# Record extracts:
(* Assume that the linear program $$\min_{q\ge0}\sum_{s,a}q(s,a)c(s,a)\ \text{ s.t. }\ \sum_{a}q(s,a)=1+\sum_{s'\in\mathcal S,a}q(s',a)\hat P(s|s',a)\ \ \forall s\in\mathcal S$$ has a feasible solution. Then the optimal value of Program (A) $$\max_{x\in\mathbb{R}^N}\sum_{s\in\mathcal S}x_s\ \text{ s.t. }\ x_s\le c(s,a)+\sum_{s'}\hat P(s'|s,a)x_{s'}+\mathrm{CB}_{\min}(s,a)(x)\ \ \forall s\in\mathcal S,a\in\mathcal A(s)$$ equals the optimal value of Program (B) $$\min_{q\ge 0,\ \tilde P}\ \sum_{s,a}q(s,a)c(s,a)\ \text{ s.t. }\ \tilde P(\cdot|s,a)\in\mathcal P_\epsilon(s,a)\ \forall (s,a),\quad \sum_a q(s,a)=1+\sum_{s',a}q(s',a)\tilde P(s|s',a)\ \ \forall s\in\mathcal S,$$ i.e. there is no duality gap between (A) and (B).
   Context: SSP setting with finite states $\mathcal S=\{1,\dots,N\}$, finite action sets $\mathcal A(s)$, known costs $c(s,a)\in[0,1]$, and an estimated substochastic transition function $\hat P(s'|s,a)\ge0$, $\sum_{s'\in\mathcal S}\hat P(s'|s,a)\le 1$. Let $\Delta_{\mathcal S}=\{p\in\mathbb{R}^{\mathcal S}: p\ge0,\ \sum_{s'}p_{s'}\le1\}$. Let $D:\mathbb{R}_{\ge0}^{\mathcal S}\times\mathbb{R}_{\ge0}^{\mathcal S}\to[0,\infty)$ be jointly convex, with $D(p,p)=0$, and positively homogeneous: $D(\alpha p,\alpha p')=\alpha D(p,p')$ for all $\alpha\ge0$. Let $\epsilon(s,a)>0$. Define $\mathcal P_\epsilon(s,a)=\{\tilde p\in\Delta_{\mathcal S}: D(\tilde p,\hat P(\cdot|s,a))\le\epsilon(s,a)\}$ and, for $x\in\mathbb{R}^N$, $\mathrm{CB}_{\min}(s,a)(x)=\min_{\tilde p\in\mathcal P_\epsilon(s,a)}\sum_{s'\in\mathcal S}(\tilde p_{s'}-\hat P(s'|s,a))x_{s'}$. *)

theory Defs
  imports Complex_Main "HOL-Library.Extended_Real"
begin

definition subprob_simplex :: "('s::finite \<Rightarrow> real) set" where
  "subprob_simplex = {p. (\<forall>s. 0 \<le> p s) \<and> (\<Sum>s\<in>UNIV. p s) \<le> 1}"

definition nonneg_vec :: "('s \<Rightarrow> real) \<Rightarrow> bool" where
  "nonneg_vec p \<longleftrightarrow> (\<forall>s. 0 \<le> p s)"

# Task brief:
Transcribe the listing above in full, so that every line matches exactly.

# Response area:
(* Assume that the linear program $$\min_{q\ge0}\sum_{s,a}q(s,a)c(s,a)\ \text{ s.t. }\ \sum_{a}q(s,a)=1+\sum_{s'\in\mathcal S,a}q(s',a)\hat P(s|s',a)\ \ \forall s\in\mathcal S$$ has a feasible solution. Then the optimal value of Program (A) $$\max_{x\in\mathbb{R}^N}\sum_{s\in\mathcal S}x_s\ \text{ s.t. }\ x_s\le c(s,a)+\sum_{s'}\hat P(s'|s,a)x_{s'}+\mathrm{CB}_{\min}(s,a)(x)\ \ \forall s\in\mathcal S,a\in\mathcal A(s)$$ equals the optimal value of Program (B) $$\min_{q\ge 0,\ \tilde P}\ \sum_{s,a}q(s,a)c(s,a)\ \text{ s.t. }\ \tilde P(\cdot|s,a)\in\mathcal P_\epsilon(s,a)\ \forall (s,a),\quad \sum_a q(s,a)=1+\sum_{s',a}q(s',a)\tilde P(s|s',a)\ \ \forall s\in\mathcal S,$$ i.e. there is no duality gap between (A) and (B).
   Context: SSP setting with finite states $\mathcal S=\{1,\dots,N\}$, finite action sets $\mathcal A(s)$, known costs $c(s,a)\in[0,1]$, and an estimated substochastic transition function $\hat P(s'|s,a)\ge0$, $\sum_{s'\in\mathcal S}\hat P(s'|s,a)\le 1$. Let $\Delta_{\mathcal S}=\{p\in\mathbb{R}^{\mathcal S}: p\ge0,\ \sum_{s'}p_{s'}\le1\}$. Let $D:\mathbb{R}_{\ge0}^{\mathcal S}\times\mathbb{R}_{\ge0}^{\mathcal S}\to[0,\infty)$ be jointly convex, with $D(p,p)=0$, and positively homogeneous: $D(\alpha p,\alpha p')=\alpha D(p,p')$ for all $\alpha\ge0$. Let $\epsilon(s,a)>0$. Define $\mathcal P_\epsilon(s,a)=\{\tilde p\in\Delta_{\mathcal S}: D(\tilde p,\hat P(\cdot|s,a))\le\epsilon(s,a)\}$ and, for $x\in\mathbb{R}^N$, $\mathrm{CB}_{\min}(s,a)(x)=\min_{\tilde p\in\mathcal P_\epsilon(s,a)}\sum_{s'\in\mathcal S}(\tilde p_{s'}-\hat P(s'|s,a))x_{s'}$. *)

theory Defs
  imports Complex_Main "HOL-Library.Extended_Real"
begin

definition subprob_simplex :: "('s::finite \<Rightarrow> real) set" where
  "subprob_simplex = {p. (\<forall>s. 0 \<le> p s) \<and> (\<Sum>s\<in>UNIV. p s) \<le> 1}"

definition nonneg_vec :: "('s \<Rightarrow> real) \<Rightarrow> bool" where
  "nonneg_vec p \<longleftrightarrow> (\<forall>s. 0 \<le> p s)"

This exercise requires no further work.